A pipeline can have one or many processors which will be executed in the order in which they are defined. To use a pipeline simply add ?pipeline=<pipeline_name> to an index request to run the document through that pipeline.

PUT test/_doc/1?pipeline=renamer
{
  "provider": "aws",
  "source": "billing"
}

In this case the provider field has been renamed to cloud.provider

{
...
  "_source" : {
    "cloud" : {
      "provider" : "aws"
    },
    "source" : "billing"
  }
}

Perhaps the most exciting new capability for Ingest node is the introduction of conditional execution of a processor.

“if” - Conditional execution of a processor

Prior to 6.5, there was no way to skip a processor from running. Using ignore_failure, ignore_missing, or on_failure could be used in some cases as a workaround, but there was never an easy way to conditionally run or not run a processor in a pipeline.

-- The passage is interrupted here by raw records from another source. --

lemma chain_rule_bounds:
  fixes f' f'' p' p'' B c :: real
  assumes "\<bar>f'\<bar> \<le> B" "\<bar>f''\<bar> \<le> B" "\<bar>p'\<bar> \<le> 1 + c" "\<bar>p''\<bar> \<le> c" "0 \<le> c"
  shows "\<bar>f' * p'\<bar> \<le> B * ((1 + c)\<^sup>2 + (1 + c))"
    and "\<bar>f'' * p' * p' + f' * p''\<bar> \<le> B * ((1 + c)\<^sup>2 + (1 + c))"
proof -
  have B: "0 \<le> B"
    using assms(1) by simp
  have "\<bar>f' * p'\<bar> \<le> B * (1 + c)"
    using assms by (intro abs_mult_le_mult)
  also have "\<dots> \<le> B * ((1 + c)\<^sup>2 + (1 + c))"
    using B assms(5) by (intro mult_left_mono) auto
  finally show "\<bar>f' * p'\<bar> \<le> B * ((1 + c)\<^sup>2 + (1 + c))" .
  have "\<bar>f'' * p' * p'\<bar> \<le> B * (1 + c) * (1 + c)" "\<bar>f' * p''\<bar> \<le> B * c"
    using assms by (intro abs_mult_le_mult; simp)+
  then show "\<bar>f'' * p' * p' + f' * p''\<bar> \<le> B * ((1 + c)\<^sup>2 + (1 + c))"
    using B by (simp add: power2_eq_square algebra_simps)
qed

lemma square_sum_le:
  fixes p q \<eta> :: real
  assumes "0 < \<eta>"
  shows "(p + q)\<^sup>2 \<le> (1 + \<eta>) * p\<^sup>2 + (1 + 1 / \<eta>) * q\<^sup>2"
proof -
  have "0 \<le> (\<eta> * p - q)\<^sup>2 / \<eta>"
    using assms by simp
  also have "\<dots> = \<eta> * p\<^sup>2 - 2 * p * q + q\<^sup>2 / \<eta>"
    using assms by (simp add: power2_eq_square field_simps)
  finally show ?thesis
    by (simp add: power2_eq_square algebra_simps)
qed

lemma one_plus_cube_le:
  fixes y :: real
  assumes "0 \<le> y" "y \<le> 1"
  shows "(1 + y) ^ 3 \<le> 1 + 7 * y"
proof -
  have "y * y \<le> y" "y * y * y \<le> y"
    using assms mult_left_le_one_le[of y y] mult_left_le_one_le[of y "y * y"] by auto
  then show ?thesis
    by (simp add: power3_eq_cube algebra_simps)
qed

lemma d2_growth_factors_le:
  fixes d E :: real
  assumes d: "0 < d" "d \<le> 1" and E: "0 \<le> E" "d * E \<le> 1"
  shows "(1 + d) * (1 + d * E) ^ 3 \<le> 1 + d * (1 + 14 * E)"
    and "(1 + 1 / d) * (d * E)\<^sup>2 \<le> 2 * d * E\<^sup>2"
proof -
  have "(1 + d) * (1 + d * E) ^ 3 \<le> (1 + d) * (1 + 7 * (d * E))"
    using one_plus_cube_le[of "d * E"] d E by (intro mult_left_mono) auto
  also have "\<dots> \<le> 1 + d * (1 + 14 * E)"
    using mult_right_mono[OF d(2), of "7 * d * E"] d E by (simp add: algebra_simps)
  finally show "(1 + d) * (1 + d * E) ^ 3 \<le> 1 + d * (1 + 14 * E)" .
  have "(1 + 1 / d) * (d * E)\<^sup>2 = (d + d * d) * E\<^sup>2"
    using d by (simp add: power2_eq_square field_simps)
  also have "\<dots> \<le> 2 * d * E\<^sup>2"
    using d mult_right_mono[of "d * d" d "E\<^sup>2"] by (simp add: algebra_simps)
  finally show "(1 + 1 / d) * (d * E)\<^sup>2 \<le> 2 * d * E\<^sup>2" .
qed
(* Let $\mathcal E$ be an exchangeability system for a noncommutative probability space $(\mathcal A,\phi)$ whose family of copies $(\mathcal A_k)_{k\in\mathbb N}$ satisfies pyramidal independence. Let $X_1,\dots,X_n\in\mathcal A$ and let $\pi\in\Pi_n$ have connected components $\pi',\pi'',\dots$. Then $$\phi_\pi(X_1,\dots,X_n)=\phi_{\pi'}(X_1,\dots,X_n)\,\phi_{\pi''}(X_1,\dots,X_n)\cdots$$ and $$K_\pi(X_1,\dots,X_n)=K_{\pi'}(X_1,\dots,X_n)\,K_{\pi''}(X_1,\dots,X_n)\cdots.$$
   Context: A noncommutative probability space is a pair $(\mathcal A,\phi)$ of a complex unital algebra $\mathcal A$ and a unital linear functional $\phi$. An exchangeability system $\mathcal E$ for $(\mathcal A,\phi)$ consists of a noncommutative probability space $(\mathcal U,\tilde\phi)$ and a family $(\iota_k)_{k\in\mathbb N}$ of embeddings (injective unital algebra homomorphisms) $\iota_k:\mathcal A\to\mathcal A_k\subseteq\mathcal U$ with $\tilde\phi\circ\iota_k=\phi$; write $X^{(k)}=\iota_k(X)$. It is required that for all $X_1,\dots,X_n\in\mathcal A$, indices $i_1,\dots,i_n\in\mathbb N$ and bijections $\sigma$ of $\mathbb N$, $\tilde\phi(X_1^{(i_1)}\cdots X_n^{(i_n)})=\tilde\phi(X_1^{(\sigma(i_1))}\cdots X_n^{(\sigma(i_n))})$; this value depends only on the kernel of $j\mapsto i_j$ and for a partition $\sigma$ of $[n]$ is denoted $\phi_\sigma(X_1,\dots,X_n)$. If $\sigma$ is a partition of a subset $S\subseteq[n]$, $\phi_\sigma(X_1,\dots,X_n)$ means $\phi_\sigma(X_j:j\in S)$ with the $X_j$ in increasing order of $j$ (and $\sigma$ transported to a partition of $[|S|]$); similarly for $K_\sigma$. $\Pi_n$ is the set-partition lattice of $[n]$ under refinement with Möbius function $\mu$; $K_\pi=\sum_{\sigma\le\pi}\phi_\sigma\mu(\sigma,\pi)$. Two distinct blocks $B,B'$ of $\pi$ cross if there are $a<b<c<d$ with $a,c$ in one of them and $b,d$ in the other; the connected components of $\pi$ are the subpartitions formed by the equivalence classes of blocks under the equivalence relation generated by crossing. The family $(\mathcal A_k)$ satisfies pyramidal independence if for all disjoint $I,J\subseteq\mathbb N$, with $\mathcal A_I,\mathcal A_J$ the subalgebras generated by $(\mathcal A_k)_{k\in I}$, $(\mathcal A_k)_{k\in J}$, one has $\tilde\phi(XYX')=\tilde\phi(XX')\tilde\phi(Y)$ whenever $X,X'\in\mathcal A_I$, $Y\in\mathcal A_J$, and also with the roles of $I$ and $J$ exchanged. *)

theory Defs
  imports Complex_Main "HOL-Library.Disjoint_Sets"
begin

definition complex_algebra :: "(complex \<Rightarrow> 'a::ring_1 \<Rightarrow> 'a) \<Rightarrow> bool" where
  "complex_algebra sc \<longleftrightarrow> module sc \<and>
     (\<forall>c x y. sc c (x * y) = sc c x * y \<and> sc c (x * y) = x * sc c y)"

definition nc_prob_space :: "(complex \<Rightarrow> 'a::ring_1 \<Rightarrow> 'a) \<Rightarrow> ('a \<Rightarrow> complex) \<Rightarrow> bool" where
  "nc_prob_space sc phi \<longleftrightarrow> complex_algebra sc \<and> phi 1 = 1 \<and>
     (\<forall>x y. phi (x + y) = phi x + phi y) \<and> (\<forall>c x. phi (sc c x) = c * phi x)"

definition unital_alg_embedding ::
  "(complex \<Rightarrow> 'a::ring_1 \<Rightarrow> 'a) \<Rightarrow> (complex \<Rightarrow> 'u::ring_1 \<Rightarrow> 'u) \<Rightarrow> ('a \<Rightarrow> 'u) \<Rightarrow> bool" where
  "unital_alg_embedding scA scU f \<longleftrightarrow> inj f \<and> f 1 = 1 \<and>
     (\<forall>x y. f (x + y) = f x + f y) \<and> (\<forall>x y. f (x * y) = f x * f y) \<and>
     (\<forall>c x. f (scA c x) = scU c (f x))"

definition mixed_word :: "(nat \<Rightarrow> 'a \<Rightarrow> 'u::ring_1) \<Rightarrow> nat list \<Rightarrow> 'a list \<Rightarrow> 'u" where
  "mixed_word iota idx Xs = prod_list (map2 (\<lambda>i x. iota i x) idx Xs)"

definition exchangeability_system ::
  "(complex \<Rightarrow> 'a::ring_1 \<Rightarrow> 'a) \<Rightarrow> ('a \<Rightarrow> complex) \<Rightarrow>
   (complex \<Rightarrow> 'u::ring_1 \<Rightarrow> 'u) \<Rightarrow> ('u \<Rightarrow> complex) \<Rightarrow> (nat \<Rightarrow> 'a \<Rightarrow> 'u) \<Rightarrow> bool" where
  "exchangeability_system scA phi scU phiU iota \<longleftrightarrow>
     nc_prob_space scA phi \<and> nc_prob_space scU phiU \<and>
     (\<forall>k. unital_alg_embedding scA scU (iota k) \<and> (\<forall>x. phiU (iota k x) = phi x)) \<and>
     (\<forall>Xs idx (\<sigma>::nat \<Rightarrow> nat). length idx = length Xs \<longrightarrow> bij \<sigma> \<longrightarrow>
        phiU (mixed_word iota idx Xs) = phiU (mixed_word iota (map \<sigma> idx) Xs))"

inductive_set gen_subalg :: "(complex \<Rightarrow> 'u::ring_1 \<Rightarrow> 'u) \<Rightarrow> 'u set \<Rightarrow> 'u set"
  for sc :: "complex \<Rightarrow> 'u \<Rightarrow> 'u" and G :: "'u set" where
  one: "1 \<in> gen_subalg sc G"
| gen: "x \<in> G \<Longrightarrow> x \<in> gen_subalg sc G"
| add: "x \<in> gen_subalg sc G \<Longrightarrow> y \<in> gen_subalg sc G \<Longrightarrow> x + y \<in> gen_subalg sc G"
| mult: "x \<in> gen_subalg sc G \<Longrightarrow> y \<in> gen_subalg sc G \<Longrightarrow> x * y \<in> gen_subalg sc G"
| scale: "x \<in> gen_subalg sc G \<Longrightarrow> sc c x \<in> gen_subalg sc G"

definition alg_I :: "(complex \<Rightarrow> 'u::ring_1 \<Rightarrow> 'u) \<Rightarrow> (nat \<Rightarrow> 'a \<Rightarrow> 'u) \<Rightarrow> nat set \<Rightarrow> 'u set" where
  "alg_I scU iota I = gen_subalg scU (\<Union>k\<in>I. range (iota k))"

definition pyramidal_independence ::
  "(complex \<Rightarrow> 'u::ring_1 \<Rightarrow> 'u) \<Rightarrow> ('u \<Rightarrow> complex) \<Rightarrow> (nat \<Rightarrow> 'a \<Rightarrow> 'u) \<Rightarrow> bool" where
  "pyramidal_independence scU phiU iota \<longleftrightarrow>
     (\<forall>I J. I \<inter> J = {} \<longrightarrow>
        (\<forall>X\<in>alg_I scU iota I. \<forall>X'\<in>alg_I scU iota I. \<forall>Y\<in>alg_I scU iota J.
           phiU (X * Y * X') = phiU (X * X') * phiU Y) \<and>
        (\<forall>X\<in>alg_I scU iota J. \<forall>X'\<in>alg_I scU iota J. \<forall>Y\<in>alg_I scU iota I.
           phiU (X * Y * X') = phiU (X * X') * phiU Y))"

text \<open>Partitions of [n], realised on the index set {0..<n}.\<close>
definition set_partitions :: "nat \<Rightarrow> nat set set set" where
  "set_partitions n = {P. partition_on {0..<n} P}"

definition refines :: "'b set set \<Rightarrow> 'b set set \<Rightarrow> bool" where
  "refines \<sigma> \<pi> \<longleftrightarrow> (\<forall>B\<in>\<sigma>. \<exists>C\<in>\<pi>. B \<subseteq> C)"

text \<open>The fuel k bounds the recursion depth; card P suffices.\<close>
fun mobius_fuel :: "nat \<Rightarrow> 'c set \<Rightarrow> ('c \<Rightarrow> 'c \<Rightarrow> bool) \<Rightarrow> 'c \<Rightarrow> 'c \<Rightarrow> int" where
  "mobius_fuel 0 P le x y = (if x = y then 1 else 0)"
| "mobius_fuel (Suc k) P le x y =
     (if x = y then 1
      else if le x y then - (\<Sum>z\<in>{z\<in>P. le x z \<and> le z y \<and> z \<noteq> y}. mobius_fuel k P le x z)
      else 0)"

definition mobius :: "'c set \<Rightarrow> ('c \<Rightarrow> 'c \<Rightarrow> bool) \<Rightarrow> 'c \<Rightarrow> 'c \<Rightarrow> int" where
  "mobius P le x y = mobius_fuel (card P) P le x y"

definition mu_Pi :: "nat \<Rightarrow> nat set set \<Rightarrow> nat set set \<Rightarrow> int" where
  "mu_Pi n = mobius (set_partitions n) refines"

text \<open>The block of a partition containing j, and a labelling of positions whose kernel is sigma
  (each position is labelled by the least element of its block).\<close>
definition block_of :: "nat set set \<Rightarrow> nat \<Rightarrow> nat set" where
  "block_of \<sigma> j = (THE B. B \<in> \<sigma> \<and> j \<in> B)"

definition phi_part :: "('u::ring_1 \<Rightarrow> complex) \<Rightarrow> (nat \<Rightarrow> 'a \<Rightarrow> 'u) \<Rightarrow> nat set set \<Rightarrow> 'a list \<Rightarrow> complex" where
  "phi_part phiU iota \<sigma> Xs =
     phiU (mixed_word iota (map (\<lambda>j. Min (block_of \<sigma> j)) [0..<length Xs]) Xs)"

definition K_part :: "('u::ring_1 \<Rightarrow> complex) \<Rightarrow> (nat \<Rightarrow> 'a \<Rightarrow> 'u) \<Rightarrow> nat set set \<Rightarrow> 'a list \<Rightarrow> complex" where
  "K_part phiU iota \<pi> Xs =
     (\<Sum>\<sigma>\<in>{\<sigma>\<in>set_partitions (length Xs). refines \<sigma> \<pi>}.
        phi_part phiU iota \<sigma> Xs * of_int (mu_Pi (length Xs) \<sigma> \<pi>))"

text \<open>For a partition c of a subset S of the positions, restrict the list to the positions in S
  (in increasing order) and transport c to a partition of {0..<card S}.\<close>
definition sub_list :: "nat set set \<Rightarrow> 'a list \<Rightarrow> 'a list" where
  "sub_list c Xs = map (nth Xs) (sorted_list_of_set (\<Union>c))"

definition transport_part :: "nat set set \<Rightarrow> nat set set" where
  "transport_part c = (let s = sorted_list_of_set (\<Union>c) in
     (\<lambda>B. {i. i < length s \<and> s ! i \<in> B}) ` c)"

definition phi_sub :: "('u::ring_1 \<Rightarrow> complex) \<Rightarrow> (nat \<Rightarrow> 'a \<Rightarrow> 'u) \<Rightarrow> nat set set \<Rightarrow> 'a list \<Rightarrow> complex" where
  "phi_sub phiU iota c Xs = phi_part phiU iota (transport_part c) (sub_list c Xs)"

definition K_sub :: "('u::ring_1 \<Rightarrow> complex) \<Rightarrow> (nat \<Rightarrow> 'a \<Rightarrow> 'u) \<Rightarrow> nat set set \<Rightarrow> 'a list \<Rightarrow> complex" where
  "K_sub phiU iota c Xs = K_part phiU iota (transport_part c) (sub_list c Xs)"

definition crosses :: "nat set \<Rightarrow> nat set \<Rightarrow> bool" where
  "crosses B B' \<longleftrightarrow> B \<noteq> B' \<and>
     (\<exists>a b c d. a < b \<and> b < c \<and> c < d \<and>
        ((a \<in> B \<and> c \<in> B \<and> b \<in> B' \<and> d \<in> B') \<or> (a \<in> B' \<and> c \<in> B' \<and> b \<in> B \<and> d \<in> B)))"

definition cross_rel :: "nat set set \<Rightarrow> (nat set \<times> nat set) set" where
  "cross_rel \<pi> = {(B, B'). B \<in> \<pi> \<and> B' \<in> \<pi> \<and> crosses B B'}"

definition components :: "nat set set \<Rightarrow> nat set set set" where
  "components \<pi> = (\<lambda>B. {B'\<in>\<pi>. (B, B') \<in> (cross_rel \<pi> \<union> (cross_rel \<pi>)\<inverse>)\<^sup>*}) ` \<pi>"

end

theory Submission
  imports Defs "HOL-Library.Infinite_Set"
begin

text \<open>Write \<phi>_\<sigma> as \<phi>_U of a word whose letter at position j is the copy of X_j labelled by
  the least element of the block of j. If the positions covered by a set T of blocks form an
  interval within those covered by \<sigma>, the letters of T form a middle factor of the word whose
  labels differ from all others, and pyramidal independence gives \<phi>_\<sigma> = \<phi>_T \<phi>_(\<sigma> - T).
  A connected component of minimal spread (largest minus least position it covers) has this
  property, so induction on the number of blocks
  factorises \<phi>_\<sigma> over every grouping of the blocks that no crossing connects, in particular over
  the components. Exchangeability makes the labels, and hence the transport of a component to an
  initial segment, irrelevant.

  The refinements of \<pi> are the products of refinements of its components, and the Moebius
  function of the partition lattice is multiplicative along this decomposition; with the
  factorisation of every \<phi>_\<sigma>, \<sigma> \<le> \<pi>, this gives K_\<pi> = \<Prod> K_\<pi>'.\<close>

section \<open>Crossing components of a partition\<close>

definition finite_partition :: "'a set set \<Rightarrow> bool" where
  "finite_partition \<sigma> \<longleftrightarrow> finite \<sigma> \<and> (\<forall>B\<in>\<sigma>. finite B \<and> B \<noteq> {}) \<and> disjoint \<sigma>"

lemma finite_partition_iff_partition_on:
  "finite_partition \<sigma> \<longleftrightarrow> finite (\<Union>\<sigma>) \<and> partition_on (\<Union>\<sigma>) \<sigma>"
proof
  assume "finite_partition \<sigma>"
  then show "finite (\<Union>\<sigma>) \<and> partition_on (\<Union>\<sigma>) \<sigma>"
    unfolding finite_partition_def partition_on_def by auto
next
  assume "finite (\<Union>\<sigma>) \<and> partition_on (\<Union>\<sigma>) \<sigma>"
  then show "finite_partition \<sigma>"
    unfolding finite_partition_def partition_on_def
    by (metis Union_upper finite_UnionD rev_finite_subset)
qed

lemma finite_partition_subset: "finite_partition \<sigma> \<Longrightarrow> \<tau> \<subseteq> \<sigma> \<Longrightarrow> finite_partition \<tau>"
  unfolding finite_partition_def by (meson finite_subset pairwise_subset subset_iff)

In 6.5, every processor now has an optional if field that can be set to configure when a processor should be executed or not. The value of the if key is a Painless script running in the Ingest processor context that needs to evaluate to true or false.

For example, using the example above we can now conditionally rename provider to cloud.provider if the document has a field named source and it’s value is billing.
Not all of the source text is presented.